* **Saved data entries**
---+---

(* Let $(\Sigma_+,\Sigma_-,N_1,N_2,N_3)$ be a solution of the Wainwright–Hsu system satisfying the constraint, with $N_1=0$, $N_2,N_3>0$ and $\Sigma_-^2+(N_2-N_3)^2>0$. Then for every $p>1$, $1+\Sigma_+\in L^p([0,\infty))$.
   Context: Wainwright–Hsu system: for functions $N_1,N_2,N_3,\Sigma_+,\Sigma_-$ of $\tau\in\mathbb{R}$ (prime denotes $d/d\tau$), $N_1'=(q-4\Sigma_+)N_1$, $N_2'=(q+2\Sigma_++2\sqrt3\Sigma_-)N_2$, $N_3'=(q+2\Sigma_+-2\sqrt3\Sigma_-)N_3$, $\Sigma_+'=-(2-q)\Sigma_+-3S_+$, $\Sigma_-'=-(2-q)\Sigma_--3S_-$, where $q=2(\Sigma_+^2+\Sigma_-^2)$, $S_+=\frac12[(N_2-N_3)^2-N_1(2N_1-N_2-N_3)]$, $S_-=\frac{\sqrt3}{2}(N_3-N_2)(N_1-N_2-N_3)$, together with the constraint $\Sigma_+^2+\Sigma_-^2+\frac34[N_1^2+N_2^2+N_3^2-2(N_1N_2+N_2N_3+N_1N_3)]=1$. Solutions exist for all $\tau\in\mathbb{R}$. *)

theory Defs
  imports "HOL-Analysis.Analysis"
begin

definition WH_q :: "real \<Rightarrow> real \<Rightarrow> real" where
  "WH_q sp sm = 2 * (sp^2 + sm^2)"

definition WH_Sp :: "real \<Rightarrow> real \<Rightarrow> real \<Rightarrow> real" where
  "WH_Sp n1 n2 n3 = (1/2) * ((n2 - n3)^2 - n1 * (2*n1 - n2 - n3))"

definition WH_Sm :: "real \<Rightarrow> real \<Rightarrow> real \<Rightarrow> real" where
  "WH_Sm n1 n2 n3 = (sqrt 3 / 2) * (n3 - n2) * (n1 - n2 - n3)"

definition WH_solution ::
  "(real \<Rightarrow> real) \<Rightarrow> (real \<Rightarrow> real) \<Rightarrow> (real \<Rightarrow> real) \<Rightarrow> (real \<Rightarrow> real) \<Rightarrow> (real \<Rightarrow> real) \<Rightarrow> bool" where
  "WH_solution N1 N2 N3 Sp Sm \<longleftrightarrow>
    (\<forall>t. (N1 has_real_derivative (WH_q (Sp t) (Sm t) - 4 * Sp t) * N1 t) (at t)
       \<and> (N2 has_real_derivative (WH_q (Sp t) (Sm t) + 2 * Sp t + 2 * sqrt 3 * Sm t) * N2 t) (at t)
       \<and> (N3 has_real_derivative (WH_q (Sp t) (Sm t) + 2 * Sp t - 2 * sqrt 3 * Sm t) * N3 t) (at t)
       \<and> (Sp has_real_derivative (- (2 - WH_q (Sp t) (Sm t)) * Sp t - 3 * WH_Sp (N1 t) (N2 t) (N3 t))) (at t)
       \<and> (Sm has_real_derivative (- (2 - WH_q (Sp t) (Sm t)) * Sm t - 3 * WH_Sm (N1 t) (N2 t) (N3 t))) (at t)
       \<and> (Sp t)^2 + (Sm t)^2 + (3/4) * ((N1 t)^2 + (N2 t)^2 + (N3 t)^2
            - 2 * (N1 t * N2 t + N2 t * N3 t + N1 t * N3 t)) = 1)"

end

theory Submission
  imports Defs
begin

text \<open>
  Put \<open>Z = 1 + Sp\<close> and \<open>D = N2 - N3\<close>. For \<open>N1 = 0\<close> the constraint becomes
  \<open>Sm\<^sup>2 + 3/4 D\<^sup>2 = Z (2 - Z)\<close> and \<open>Z' = -3/2 D\<^sup>2 Z\<close>, so \<open>Z\<close> decreases in \<open>[0, 2]\<close>.
  While \<open>Z > 0\<close>, \<open>(1/Z)' \<le> 4\<close>, so \<open>1/Z\<close> grows at most linearly; this makes
  \<open>N2 N3 / Z\<close> nondecreasing. That lower bound on \<open>N2 N3\<close> bounds the derivative of
  \<open>W = (1 + \<surd>3 Sm D / (6 (N2 + N3))) / Z\<close> below by a positive constant once \<open>Z < 2\<close>,
  which the non-degeneracy hypothesis provides. Since \<open>Z W \<in> [1/2, 3/2]\<close>, the linear
  growth of \<open>W\<close> gives \<open>Z = O(1/t)\<close>, and \<open>\<bar>Z\<bar>\<^sup>p\<close> is integrable at infinity for \<open>p > 1\<close>.
\<close>

lemma set_integrable_powr_of_inverse_decay:
  fixes Z :: "real \<Rightarrow> real"
  assumes cont: "continuous_on UNIV Z" and T: "T > 0" and K: "K \<ge> 0"
    and decay: "\<And>t. t \<ge> T \<Longrightarrow> \<bar>Z t\<bar> \<le> K / t" and p: "p > 1"
  shows "set_integrable lborel {0..} (\<lambda>t. \<bar>Z t\<bar> powr p)"
proof -
  have cont_powr: "continuous_on UNIV (\<lambda>t. \<bar>Z t\<bar> powr p)"
    using p by (intro continuous_on_powr' continuous_intros cont) auto
  have head: "set_integrable lborel {0..T} (\<lambda>t. \<bar>Z t\<bar> powr p)"
    by (rule borel_integrable_atLeastAtMost') (rule continuous_on_subset[OF cont_powr], simp)
  have "(\<lambda>x. K powr p * x powr (-p)) integrable_on {T..}"
    using has_integral_powr_to_inf[of "-p" T] p T integrable_cmul[of "\<lambda>x. x powr (-p)" "{T..}"]
    unfolding integrable_on_def by force
  hence "(\<lambda>x. K powr p * x powr (-p)) absolutely_integrable_on {T..}"
    by (subst absolutely_integrable_on_iff_nonneg) auto
  hence majorant: "set_integrable lborel {T..} (\<lambda>x. K powr p * x powr (-p))"
    unfolding set_integrable_def by (subst (asm) integrable_completion) measurable
  have tail: "set_integrable lborel {T..} (\<lambda>t. \<bar>Z t\<bar> powr p)"
  proof (rule set_integrable_bound[OF majorant])
    show "set_borel_measurable lborel {T..} (\<lambda>t. \<bar>Z t\<bar> powr p)"
      unfolding set_borel_measurable_def
      using borel_measurable_continuous_onI[OF cont_powr] by measurable
    show "AE x in lborel. x \<in> {T..} \<longrightarrow> norm (\<bar>Z x\<bar> powr p) \<le> norm (K powr p * x powr - p)"
    proof (intro AE_I2 impI)
      fix x assume x: "x \<in> {T..}"
      have "\<bar>Z x\<bar> powr p \<le> (K / x) powr p"
        using decay[of x] x p by (intro powr_mono2) auto
      also have "\<dots> = K powr p * x powr - p"
        using x T K powr_divide[of K x p] by (simp add: powr_minus divide_inverse)
      finally show "norm (\<bar>Z x\<bar> powr p) \<le> norm (K powr p * x powr - p)" by simp
    qed
  qed
  have "{0..T} \<union> {T..} = {0::real..}" using T by auto
  with set_integrable_Un[OF head tail] show ?thesis by simp
qed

---+---

* **To do**
Copy every line of the records, leaving nothing out.

* **Answer space**
(* Let $(\Sigma_+,\Sigma_-,N_1,N_2,N_3)$ be a solution of the Wainwright–Hsu system satisfying the constraint, with $N_1=0$, $N_2,N_3>0$ and $\Sigma_-^2+(N_2-N_3)^2>0$. Then for every $p>1$, $1+\Sigma_+\in L^p([0,\infty))$.
   Context: Wainwright–Hsu system: for functions $N_1,N_2,N_3,\Sigma_+,\Sigma_-$ of $\tau\in\mathbb{R}$ (prime denotes $d/d\tau$), $N_1'=(q-4\Sigma_+)N_1$, $N_2'=(q+2\Sigma_++2\sqrt3\Sigma_-)N_2$, $N_3'=(q+2\Sigma_+-2\sqrt3\Sigma_-)N_3$, $\Sigma_+'=-(2-q)\Sigma_+-3S_+$, $\Sigma_-'=-(2-q)\Sigma_--3S_-$, where $q=2(\Sigma_+^2+\Sigma_-^2)$, $S_+=\frac12[(N_2-N_3)^2-N_1(2N_1-N_2-N_3)]$, $S_-=\frac{\sqrt3}{2}(N_3-N_2)(N_1-N_2-N_3)$, together with the constraint $\Sigma_+^2+\Sigma_-^2+\frac34[N_1^2+N_2^2+N_3^2-2(N_1N_2+N_2N_3+N_1N_3)]=1$. Solutions exist for all $\tau\in\mathbb{R}$. *)

theory Defs
  imports "HOL-Analysis.Analysis"
begin

definition WH_q :: "real \<Rightarrow> real \<Rightarrow> real" where
  "WH_q sp sm = 2 * (sp^2 + sm^2)"

definition WH_Sp :: "real \<Rightarrow> real \<Rightarrow> real \<Rightarrow> real" where
  "WH_Sp n1 n2 n3 = (1/2) * ((n2 - n3)^2 - n1 * (2*n1 - n2 - n3))"

definition WH_Sm :: "real \<Rightarrow> real \<Rightarrow> real \<Rightarrow> real" where
  "WH_Sm n1 n2 n3 = (sqrt 3 / 2) * (n3 - n2) * (n1 - n2 - n3)"

definition WH_solution ::
  "(real \<Rightarrow> real) \<Rightarrow> (real \<Rightarrow> real) \<Rightarrow> (real \<Rightarrow> real) \<Rightarrow> (real \<Rightarrow> real) \<Rightarrow> (real \<Rightarrow> real) \<Rightarrow> bool" where
  "WH_solution N1 N2 N3 Sp Sm \<longleftrightarrow>
    (\<forall>t. (N1 has_real_derivative (WH_q (Sp t) (Sm t) - 4 * Sp t) * N1 t) (at t)
       \<and> (N2 has_real_derivative (WH_q (Sp t) (Sm t) + 2 * Sp t + 2 * sqrt 3 * Sm t) * N2 t) (at t)
       \<and> (N3 has_real_derivative (WH_q (Sp t) (Sm t) + 2 * Sp t - 2 * sqrt 3 * Sm t) * N3 t) (at t)
       \<and> (Sp has_real_derivative (- (2 - WH_q (Sp t) (Sm t)) * Sp t - 3 * WH_Sp (N1 t) (N2 t) (N3 t))) (at t)
       \<and> (Sm has_real_derivative (- (2 - WH_q (Sp t) (Sm t)) * Sm t - 3 * WH_Sm (N1 t) (N2 t) (N3 t))) (at t)
       \<and> (Sp t)^2 + (Sm t)^2 + (3/4) * ((N1 t)^2 + (N2 t)^2 + (N3 t)^2
            - 2 * (N1 t * N2 t + N2 t * N3 t + N1 t * N3 t)) = 1)"

end

theory Submission
  imports Defs
begin

text \<open>
  Put \<open>Z = 1 + Sp\<close> and \<open>D = N2 - N3\<close>. For \<open>N1 = 0\<close> the constraint becomes
  \<open>Sm\<^sup>2 + 3/4 D\<^sup>2 = Z (2 - Z)\<close> and \<open>Z' = -3/2 D\<^sup>2 Z\<close>, so \<open>Z\<close> decreases in \<open>[0, 2]\<close>.
  While \<open>Z > 0\<close>, \<open>(1/Z)' \<le> 4\<close>, so \<open>1/Z\<close> grows at most linearly; this makes
  \<open>N2 N3 / Z\<close> nondecreasing. That lower bound on \<open>N2 N3\<close> bounds the derivative of
  \<open>W = (1 + \<surd>3 Sm D / (6 (N2 + N3))) / Z\<close> below by a positive constant once \<open>Z < 2\<close>,
  which the non-degeneracy hypothesis provides. Since \<open>Z W \<in> [1/2, 3/2]\<close>, the linear
  growth of \<open>W\<close> gives \<open>Z = O(1/t)\<close>, and \<open>\<bar>Z\<bar>\<^sup>p\<close> is integrable at infinity for \<open>p > 1\<close>.
\<close>

lemma set_integrable_powr_of_inverse_decay:
  fixes Z :: "real \<Rightarrow> real"
  assumes cont: "continuous_on UNIV Z" and T: "T > 0" and K: "K \<ge> 0"
    and decay: "\<And>t. t \<ge> T \<Longrightarrow> \<bar>Z t\<bar> \<le> K / t" and p: "p > 1"
  shows "set_integrable lborel {0..} (\<lambda>t. \<bar>Z t\<bar> powr p)"
proof -
  have cont_powr: "continuous_on UNIV (\<lambda>t. \<bar>Z t\<bar> powr p)"
    using p by (intro continuous_on_powr' continuous_intros cont) auto
  have head: "set_integrable lborel {0..T} (\<lambda>t. \<bar>Z t\<bar> powr p)"
    by (rule borel_integrable_atLeastAtMost') (rule continuous_on_subset[OF cont_powr], simp)
  have "(\<lambda>x. K powr p * x powr (-p)) integrable_on {T..}"
    using has_integral_powr_to_inf[of "-p" T] p T integrable_cmul[of "\<lambda>x. x powr (-p)" "{T..}"]
    unfolding integrable_on_def by force
  hence "(\<lambda>x. K powr p * x powr (-p)) absolutely_integrable_on {T..}"
    by (subst absolutely_integrable_on_iff_nonneg) auto
  hence majorant: "set_integrable lborel {T..} (\<lambda>x. K powr p * x powr (-p))"
    unfolding set_integrable_def by (subst (asm) integrable_completion) measurable
  have tail: "set_integrable lborel {T..} (\<lambda>t. \<bar>Z t\<bar> powr p)"
  proof (rule set_integrable_bound[OF majorant])
    show "set_borel_measurable lborel {T..} (\<lambda>t. \<bar>Z t\<bar> powr p)"
      unfolding set_borel_measurable_def
      using borel_measurable_continuous_onI[OF cont_powr] by measurable
    show "AE x in lborel. x \<in> {T..} \<longrightarrow> norm (\<bar>Z x\<bar> powr p) \<le> norm (K powr p * x powr - p)"
    proof (intro AE_I2 impI)
      fix x assume x: "x \<in> {T..}"
      have "\<bar>Z x\<bar> powr p \<le> (K / x) powr p"
        using decay[of x] x p by (intro powr_mono2) auto
      also have "\<dots> = K powr p * x powr - p"
        using x T K powr_divide[of K x p] by (simp add: powr_minus divide_inverse)
      finally show "norm (\<bar>Z x\<bar> powr p) \<le> norm (K powr p * x powr - p)" by simp
    qed
  qed
  have "{0..T} \<union> {T..} = {0::real..}" using T by auto
  with set_integrable_Un[OF head tail] show ?thesis by simp
qed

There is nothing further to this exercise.